• Exercise aim:
The material below holds a span beginning at the line with "x) \<gamma> = - rsucc" and ending at the line with "- \<delta>) = rsucc". Quote that span exactly, both ends included, and only that span.

• Dataset excerpts:
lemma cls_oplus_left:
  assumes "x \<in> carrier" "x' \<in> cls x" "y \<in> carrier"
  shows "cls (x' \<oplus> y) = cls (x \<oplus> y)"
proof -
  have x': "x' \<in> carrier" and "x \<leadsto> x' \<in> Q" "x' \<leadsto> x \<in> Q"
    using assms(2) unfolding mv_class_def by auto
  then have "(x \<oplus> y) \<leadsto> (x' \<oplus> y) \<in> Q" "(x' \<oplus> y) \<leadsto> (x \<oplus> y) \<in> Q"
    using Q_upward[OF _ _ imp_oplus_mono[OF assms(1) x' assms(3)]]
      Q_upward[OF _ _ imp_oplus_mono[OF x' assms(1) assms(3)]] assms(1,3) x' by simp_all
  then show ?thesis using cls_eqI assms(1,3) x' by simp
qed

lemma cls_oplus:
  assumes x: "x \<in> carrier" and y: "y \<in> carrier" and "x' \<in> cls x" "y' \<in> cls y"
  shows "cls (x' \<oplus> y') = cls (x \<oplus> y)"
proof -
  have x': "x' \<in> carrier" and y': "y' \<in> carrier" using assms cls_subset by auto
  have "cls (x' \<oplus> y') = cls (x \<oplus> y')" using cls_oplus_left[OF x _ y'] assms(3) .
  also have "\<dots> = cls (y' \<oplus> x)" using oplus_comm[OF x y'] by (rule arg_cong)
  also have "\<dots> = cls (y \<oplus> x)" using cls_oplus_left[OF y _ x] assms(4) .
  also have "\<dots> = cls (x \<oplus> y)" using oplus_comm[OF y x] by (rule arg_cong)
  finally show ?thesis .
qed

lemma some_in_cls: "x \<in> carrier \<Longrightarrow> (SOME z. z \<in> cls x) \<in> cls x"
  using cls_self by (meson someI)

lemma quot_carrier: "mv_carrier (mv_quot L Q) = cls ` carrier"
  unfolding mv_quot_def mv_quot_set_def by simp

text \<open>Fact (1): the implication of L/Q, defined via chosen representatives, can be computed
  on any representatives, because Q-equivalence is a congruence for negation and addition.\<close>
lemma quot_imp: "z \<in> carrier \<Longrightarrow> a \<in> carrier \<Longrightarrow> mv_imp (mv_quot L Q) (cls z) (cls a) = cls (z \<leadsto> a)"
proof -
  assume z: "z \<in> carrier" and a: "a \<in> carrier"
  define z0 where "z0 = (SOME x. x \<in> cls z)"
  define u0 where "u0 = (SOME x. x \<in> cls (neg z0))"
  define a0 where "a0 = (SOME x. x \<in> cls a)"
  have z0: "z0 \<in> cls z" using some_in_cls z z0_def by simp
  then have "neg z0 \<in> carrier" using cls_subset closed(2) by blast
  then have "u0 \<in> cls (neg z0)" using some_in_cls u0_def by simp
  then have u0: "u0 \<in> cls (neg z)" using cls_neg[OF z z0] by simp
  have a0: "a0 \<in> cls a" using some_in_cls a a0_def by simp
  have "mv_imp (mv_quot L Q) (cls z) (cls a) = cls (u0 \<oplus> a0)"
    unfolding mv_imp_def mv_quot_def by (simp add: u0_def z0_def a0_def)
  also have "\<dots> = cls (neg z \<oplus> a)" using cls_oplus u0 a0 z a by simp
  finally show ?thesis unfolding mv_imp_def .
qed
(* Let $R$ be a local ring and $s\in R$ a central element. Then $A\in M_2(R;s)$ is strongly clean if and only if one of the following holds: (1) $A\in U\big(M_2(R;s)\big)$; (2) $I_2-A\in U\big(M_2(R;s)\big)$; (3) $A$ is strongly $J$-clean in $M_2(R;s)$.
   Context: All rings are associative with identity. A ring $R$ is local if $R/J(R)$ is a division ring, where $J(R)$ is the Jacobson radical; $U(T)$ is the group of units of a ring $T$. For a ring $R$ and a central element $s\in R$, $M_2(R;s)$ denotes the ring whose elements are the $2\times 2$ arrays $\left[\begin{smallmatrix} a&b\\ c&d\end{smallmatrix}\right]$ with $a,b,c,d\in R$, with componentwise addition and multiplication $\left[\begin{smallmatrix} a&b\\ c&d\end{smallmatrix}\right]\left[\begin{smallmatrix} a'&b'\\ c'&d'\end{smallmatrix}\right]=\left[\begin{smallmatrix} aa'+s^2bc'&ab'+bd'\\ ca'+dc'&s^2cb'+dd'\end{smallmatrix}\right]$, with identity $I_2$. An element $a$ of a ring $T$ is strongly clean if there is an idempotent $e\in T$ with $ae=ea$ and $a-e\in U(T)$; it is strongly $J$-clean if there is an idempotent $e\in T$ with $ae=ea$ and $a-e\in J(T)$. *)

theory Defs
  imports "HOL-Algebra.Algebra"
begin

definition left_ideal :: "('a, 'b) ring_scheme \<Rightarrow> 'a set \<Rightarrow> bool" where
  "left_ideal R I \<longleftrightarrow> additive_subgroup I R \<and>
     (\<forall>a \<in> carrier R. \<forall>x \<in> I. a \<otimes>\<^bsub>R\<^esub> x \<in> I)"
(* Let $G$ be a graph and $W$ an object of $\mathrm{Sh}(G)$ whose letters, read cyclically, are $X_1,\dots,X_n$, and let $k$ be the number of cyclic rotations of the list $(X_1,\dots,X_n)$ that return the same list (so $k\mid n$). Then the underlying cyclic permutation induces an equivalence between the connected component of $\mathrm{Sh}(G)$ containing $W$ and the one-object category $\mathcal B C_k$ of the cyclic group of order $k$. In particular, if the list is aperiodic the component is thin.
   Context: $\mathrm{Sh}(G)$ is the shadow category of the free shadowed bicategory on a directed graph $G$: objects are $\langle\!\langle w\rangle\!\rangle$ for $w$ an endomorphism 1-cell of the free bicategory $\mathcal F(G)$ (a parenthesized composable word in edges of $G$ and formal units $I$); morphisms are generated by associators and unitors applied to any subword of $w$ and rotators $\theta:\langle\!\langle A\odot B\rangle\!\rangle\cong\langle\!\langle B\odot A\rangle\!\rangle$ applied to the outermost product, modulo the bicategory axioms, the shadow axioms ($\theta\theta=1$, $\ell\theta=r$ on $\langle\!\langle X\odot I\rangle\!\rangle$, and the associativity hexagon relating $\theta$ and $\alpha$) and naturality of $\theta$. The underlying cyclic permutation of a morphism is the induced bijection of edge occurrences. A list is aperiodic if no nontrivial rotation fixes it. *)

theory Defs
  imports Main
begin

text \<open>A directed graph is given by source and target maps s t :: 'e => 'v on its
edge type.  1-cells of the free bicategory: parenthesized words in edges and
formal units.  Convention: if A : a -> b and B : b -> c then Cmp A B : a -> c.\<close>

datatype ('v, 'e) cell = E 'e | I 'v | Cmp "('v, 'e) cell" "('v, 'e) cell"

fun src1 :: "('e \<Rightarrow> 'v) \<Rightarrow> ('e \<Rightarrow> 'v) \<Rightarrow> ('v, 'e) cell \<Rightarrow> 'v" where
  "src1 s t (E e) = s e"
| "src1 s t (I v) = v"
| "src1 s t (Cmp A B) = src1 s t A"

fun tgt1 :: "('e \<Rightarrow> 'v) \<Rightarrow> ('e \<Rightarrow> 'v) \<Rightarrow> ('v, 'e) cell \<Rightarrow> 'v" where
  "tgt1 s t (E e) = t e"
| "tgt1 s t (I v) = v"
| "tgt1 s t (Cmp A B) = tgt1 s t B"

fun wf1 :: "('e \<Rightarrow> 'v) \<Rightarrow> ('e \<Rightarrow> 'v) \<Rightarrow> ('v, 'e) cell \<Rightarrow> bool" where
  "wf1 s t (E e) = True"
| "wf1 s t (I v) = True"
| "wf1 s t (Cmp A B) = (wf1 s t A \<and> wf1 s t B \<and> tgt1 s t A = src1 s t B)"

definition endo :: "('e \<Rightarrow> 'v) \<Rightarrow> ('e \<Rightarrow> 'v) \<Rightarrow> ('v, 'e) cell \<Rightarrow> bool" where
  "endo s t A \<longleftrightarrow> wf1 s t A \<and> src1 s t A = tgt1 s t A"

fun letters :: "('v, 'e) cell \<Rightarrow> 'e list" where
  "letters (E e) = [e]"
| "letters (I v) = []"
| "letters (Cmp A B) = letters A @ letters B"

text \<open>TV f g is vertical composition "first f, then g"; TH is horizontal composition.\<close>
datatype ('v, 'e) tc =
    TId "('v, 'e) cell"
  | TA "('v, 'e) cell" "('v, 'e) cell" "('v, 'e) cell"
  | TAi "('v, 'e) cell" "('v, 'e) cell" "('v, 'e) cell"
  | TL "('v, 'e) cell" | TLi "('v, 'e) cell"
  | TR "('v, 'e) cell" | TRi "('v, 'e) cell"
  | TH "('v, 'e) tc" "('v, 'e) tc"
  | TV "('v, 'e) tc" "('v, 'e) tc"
--
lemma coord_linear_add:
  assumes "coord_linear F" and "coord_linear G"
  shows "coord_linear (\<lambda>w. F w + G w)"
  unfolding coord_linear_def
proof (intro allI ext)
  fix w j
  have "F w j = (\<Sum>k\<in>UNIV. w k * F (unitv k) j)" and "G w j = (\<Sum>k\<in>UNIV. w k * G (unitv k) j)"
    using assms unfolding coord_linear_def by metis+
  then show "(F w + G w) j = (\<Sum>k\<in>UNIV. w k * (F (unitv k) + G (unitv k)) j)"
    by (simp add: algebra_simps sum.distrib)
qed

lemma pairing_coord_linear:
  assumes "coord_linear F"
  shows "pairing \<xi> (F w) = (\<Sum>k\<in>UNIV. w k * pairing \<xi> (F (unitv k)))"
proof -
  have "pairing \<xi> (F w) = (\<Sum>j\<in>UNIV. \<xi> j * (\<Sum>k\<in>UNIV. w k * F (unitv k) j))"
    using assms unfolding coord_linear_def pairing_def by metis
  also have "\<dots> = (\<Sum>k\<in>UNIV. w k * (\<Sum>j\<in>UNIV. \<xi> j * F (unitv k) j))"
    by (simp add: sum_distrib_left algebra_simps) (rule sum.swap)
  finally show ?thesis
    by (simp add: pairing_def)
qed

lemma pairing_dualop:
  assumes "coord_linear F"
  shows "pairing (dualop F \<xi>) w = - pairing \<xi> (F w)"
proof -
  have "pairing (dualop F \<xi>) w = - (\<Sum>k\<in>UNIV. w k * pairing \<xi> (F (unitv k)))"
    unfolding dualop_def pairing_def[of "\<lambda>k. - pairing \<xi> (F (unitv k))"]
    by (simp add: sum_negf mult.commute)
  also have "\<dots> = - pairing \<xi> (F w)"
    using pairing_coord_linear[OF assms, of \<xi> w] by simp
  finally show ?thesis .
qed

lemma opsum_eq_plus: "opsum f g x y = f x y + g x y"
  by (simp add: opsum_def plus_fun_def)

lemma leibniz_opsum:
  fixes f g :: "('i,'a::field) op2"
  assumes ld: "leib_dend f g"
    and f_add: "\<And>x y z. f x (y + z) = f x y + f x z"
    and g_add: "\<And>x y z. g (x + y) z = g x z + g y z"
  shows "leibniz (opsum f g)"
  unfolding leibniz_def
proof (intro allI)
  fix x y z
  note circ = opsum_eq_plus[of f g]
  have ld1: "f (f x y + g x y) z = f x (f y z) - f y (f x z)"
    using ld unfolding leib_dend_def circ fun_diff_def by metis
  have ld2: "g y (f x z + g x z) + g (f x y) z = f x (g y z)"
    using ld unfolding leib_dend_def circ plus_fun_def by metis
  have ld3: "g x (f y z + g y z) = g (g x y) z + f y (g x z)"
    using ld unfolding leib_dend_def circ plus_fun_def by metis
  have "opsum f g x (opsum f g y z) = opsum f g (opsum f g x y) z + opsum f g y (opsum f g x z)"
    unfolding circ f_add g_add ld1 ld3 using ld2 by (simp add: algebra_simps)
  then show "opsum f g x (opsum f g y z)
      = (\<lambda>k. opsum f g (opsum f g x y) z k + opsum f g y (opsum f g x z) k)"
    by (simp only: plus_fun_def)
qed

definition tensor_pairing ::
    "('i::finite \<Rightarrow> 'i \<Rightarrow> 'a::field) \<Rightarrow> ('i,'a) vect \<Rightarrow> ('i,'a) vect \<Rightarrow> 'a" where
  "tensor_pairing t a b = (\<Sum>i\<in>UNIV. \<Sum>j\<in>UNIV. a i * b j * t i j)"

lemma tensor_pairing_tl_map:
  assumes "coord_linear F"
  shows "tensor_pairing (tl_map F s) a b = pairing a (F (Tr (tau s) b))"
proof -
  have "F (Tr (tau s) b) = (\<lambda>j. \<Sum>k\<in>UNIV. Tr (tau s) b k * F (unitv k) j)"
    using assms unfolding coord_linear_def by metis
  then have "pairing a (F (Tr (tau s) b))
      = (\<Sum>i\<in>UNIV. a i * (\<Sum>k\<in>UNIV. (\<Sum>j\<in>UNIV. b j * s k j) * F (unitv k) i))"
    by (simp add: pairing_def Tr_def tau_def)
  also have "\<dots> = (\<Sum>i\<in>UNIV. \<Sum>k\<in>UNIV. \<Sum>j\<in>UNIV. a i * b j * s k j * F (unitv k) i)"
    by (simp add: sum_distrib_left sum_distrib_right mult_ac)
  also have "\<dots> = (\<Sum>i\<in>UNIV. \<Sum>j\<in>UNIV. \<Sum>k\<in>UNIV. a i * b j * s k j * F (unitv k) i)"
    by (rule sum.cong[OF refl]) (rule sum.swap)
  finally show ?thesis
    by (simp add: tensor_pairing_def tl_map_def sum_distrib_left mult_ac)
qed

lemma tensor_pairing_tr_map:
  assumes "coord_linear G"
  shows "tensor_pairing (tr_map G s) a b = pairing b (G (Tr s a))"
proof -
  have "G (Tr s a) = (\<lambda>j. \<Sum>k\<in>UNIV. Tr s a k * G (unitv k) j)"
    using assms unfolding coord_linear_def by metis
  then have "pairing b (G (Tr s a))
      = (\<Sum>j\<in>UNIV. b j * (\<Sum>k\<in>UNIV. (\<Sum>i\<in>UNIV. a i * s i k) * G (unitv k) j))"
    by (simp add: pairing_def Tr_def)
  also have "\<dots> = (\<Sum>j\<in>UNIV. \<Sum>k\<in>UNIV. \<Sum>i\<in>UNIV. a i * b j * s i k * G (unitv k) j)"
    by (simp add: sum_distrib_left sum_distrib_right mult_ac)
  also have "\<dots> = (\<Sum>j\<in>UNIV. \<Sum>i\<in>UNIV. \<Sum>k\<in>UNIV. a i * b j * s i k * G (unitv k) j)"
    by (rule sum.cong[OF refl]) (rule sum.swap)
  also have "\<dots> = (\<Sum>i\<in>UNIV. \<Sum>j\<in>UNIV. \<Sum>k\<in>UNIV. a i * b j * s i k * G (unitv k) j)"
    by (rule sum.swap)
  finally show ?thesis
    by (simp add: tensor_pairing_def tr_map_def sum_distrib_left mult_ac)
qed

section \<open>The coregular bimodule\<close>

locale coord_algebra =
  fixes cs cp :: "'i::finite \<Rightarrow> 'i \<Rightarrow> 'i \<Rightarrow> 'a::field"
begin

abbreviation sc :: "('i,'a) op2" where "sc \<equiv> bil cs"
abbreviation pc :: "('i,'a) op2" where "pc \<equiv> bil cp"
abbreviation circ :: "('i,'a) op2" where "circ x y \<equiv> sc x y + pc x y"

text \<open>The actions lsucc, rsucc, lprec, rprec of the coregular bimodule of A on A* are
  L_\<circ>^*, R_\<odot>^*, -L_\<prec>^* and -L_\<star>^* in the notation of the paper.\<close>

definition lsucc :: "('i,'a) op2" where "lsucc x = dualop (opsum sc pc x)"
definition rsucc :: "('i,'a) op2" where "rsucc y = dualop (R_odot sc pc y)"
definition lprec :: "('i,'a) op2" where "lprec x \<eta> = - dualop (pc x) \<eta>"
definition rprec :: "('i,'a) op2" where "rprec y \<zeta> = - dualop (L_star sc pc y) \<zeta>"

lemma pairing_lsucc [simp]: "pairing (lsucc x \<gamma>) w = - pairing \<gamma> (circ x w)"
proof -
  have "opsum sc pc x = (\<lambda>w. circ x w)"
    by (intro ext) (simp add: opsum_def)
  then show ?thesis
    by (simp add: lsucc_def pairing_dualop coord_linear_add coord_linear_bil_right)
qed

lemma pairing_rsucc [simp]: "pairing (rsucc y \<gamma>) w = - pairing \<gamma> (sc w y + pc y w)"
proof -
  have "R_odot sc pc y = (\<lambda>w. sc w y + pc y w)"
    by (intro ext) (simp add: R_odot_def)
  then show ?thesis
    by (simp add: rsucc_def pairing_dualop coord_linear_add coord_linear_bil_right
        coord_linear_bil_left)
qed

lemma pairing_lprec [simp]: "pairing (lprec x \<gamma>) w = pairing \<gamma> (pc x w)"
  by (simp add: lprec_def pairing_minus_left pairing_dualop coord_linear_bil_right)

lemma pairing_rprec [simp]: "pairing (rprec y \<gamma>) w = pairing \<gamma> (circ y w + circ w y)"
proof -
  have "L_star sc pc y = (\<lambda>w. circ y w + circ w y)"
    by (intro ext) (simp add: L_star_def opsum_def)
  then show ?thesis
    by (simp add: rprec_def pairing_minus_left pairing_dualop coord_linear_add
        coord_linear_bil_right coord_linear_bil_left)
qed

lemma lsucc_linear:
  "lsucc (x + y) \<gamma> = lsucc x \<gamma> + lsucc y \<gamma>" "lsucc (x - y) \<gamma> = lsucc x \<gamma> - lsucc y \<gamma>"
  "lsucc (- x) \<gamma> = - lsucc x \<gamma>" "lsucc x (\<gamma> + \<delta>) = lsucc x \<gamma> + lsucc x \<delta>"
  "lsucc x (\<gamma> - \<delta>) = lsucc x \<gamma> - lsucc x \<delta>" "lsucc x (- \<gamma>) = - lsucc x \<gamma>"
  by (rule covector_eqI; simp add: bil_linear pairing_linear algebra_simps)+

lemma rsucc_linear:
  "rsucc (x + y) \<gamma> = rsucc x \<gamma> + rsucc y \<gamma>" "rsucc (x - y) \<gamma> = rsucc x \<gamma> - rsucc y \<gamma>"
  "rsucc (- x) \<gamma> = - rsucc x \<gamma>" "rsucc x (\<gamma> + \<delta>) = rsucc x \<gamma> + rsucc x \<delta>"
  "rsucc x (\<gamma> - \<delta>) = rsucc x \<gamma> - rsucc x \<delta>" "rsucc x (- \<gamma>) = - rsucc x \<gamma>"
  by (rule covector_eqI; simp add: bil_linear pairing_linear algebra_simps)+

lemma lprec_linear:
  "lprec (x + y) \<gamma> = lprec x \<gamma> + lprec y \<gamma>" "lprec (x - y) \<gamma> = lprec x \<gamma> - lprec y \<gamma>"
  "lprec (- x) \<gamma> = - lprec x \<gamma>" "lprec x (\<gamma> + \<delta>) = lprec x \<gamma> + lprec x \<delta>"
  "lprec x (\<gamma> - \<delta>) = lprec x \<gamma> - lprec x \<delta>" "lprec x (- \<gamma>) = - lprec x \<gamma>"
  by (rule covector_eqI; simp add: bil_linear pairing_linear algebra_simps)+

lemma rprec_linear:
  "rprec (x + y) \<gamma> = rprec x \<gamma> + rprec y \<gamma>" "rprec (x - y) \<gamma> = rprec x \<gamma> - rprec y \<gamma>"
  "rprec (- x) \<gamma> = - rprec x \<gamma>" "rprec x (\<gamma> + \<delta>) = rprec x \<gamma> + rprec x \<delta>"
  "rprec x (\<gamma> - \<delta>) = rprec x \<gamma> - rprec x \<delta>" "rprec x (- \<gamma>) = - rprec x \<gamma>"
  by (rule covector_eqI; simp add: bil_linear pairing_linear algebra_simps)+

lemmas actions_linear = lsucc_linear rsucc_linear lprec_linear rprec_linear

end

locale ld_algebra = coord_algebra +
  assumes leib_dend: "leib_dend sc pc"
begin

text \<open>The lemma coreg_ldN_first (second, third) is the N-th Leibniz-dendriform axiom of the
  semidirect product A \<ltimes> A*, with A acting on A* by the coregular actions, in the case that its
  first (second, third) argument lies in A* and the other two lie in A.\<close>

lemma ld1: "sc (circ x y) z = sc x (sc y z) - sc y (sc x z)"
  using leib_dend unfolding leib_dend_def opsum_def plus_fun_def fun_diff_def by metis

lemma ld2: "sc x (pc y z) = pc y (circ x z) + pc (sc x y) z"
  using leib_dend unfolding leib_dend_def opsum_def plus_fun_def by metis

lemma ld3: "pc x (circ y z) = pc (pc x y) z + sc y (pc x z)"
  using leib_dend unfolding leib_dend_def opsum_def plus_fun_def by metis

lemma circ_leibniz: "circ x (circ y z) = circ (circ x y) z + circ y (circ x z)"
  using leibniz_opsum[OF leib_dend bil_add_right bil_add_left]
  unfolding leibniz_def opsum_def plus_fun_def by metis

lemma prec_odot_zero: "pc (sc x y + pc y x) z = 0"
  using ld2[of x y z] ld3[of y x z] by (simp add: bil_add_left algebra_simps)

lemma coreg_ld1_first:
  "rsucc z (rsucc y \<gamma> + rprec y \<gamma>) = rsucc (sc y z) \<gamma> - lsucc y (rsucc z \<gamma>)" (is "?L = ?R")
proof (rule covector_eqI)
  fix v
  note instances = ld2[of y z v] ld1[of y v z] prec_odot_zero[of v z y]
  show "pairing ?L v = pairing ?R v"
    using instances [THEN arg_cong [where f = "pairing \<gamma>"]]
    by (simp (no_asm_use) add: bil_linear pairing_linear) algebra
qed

• Solution to the exercise:
  "rsucc (- x) \<gamma> = - rsucc x \<gamma>" "rsucc x (\<gamma> + \<delta>) = rsucc x \<gamma> + rsucc x \<delta>"
  "rsucc x (\<gamma> - \<delta>) = rsucc x \<gamma> - rsucc x \<delta>" "rsucc x (- \<gamma>) = - rsucc x \<gamma>"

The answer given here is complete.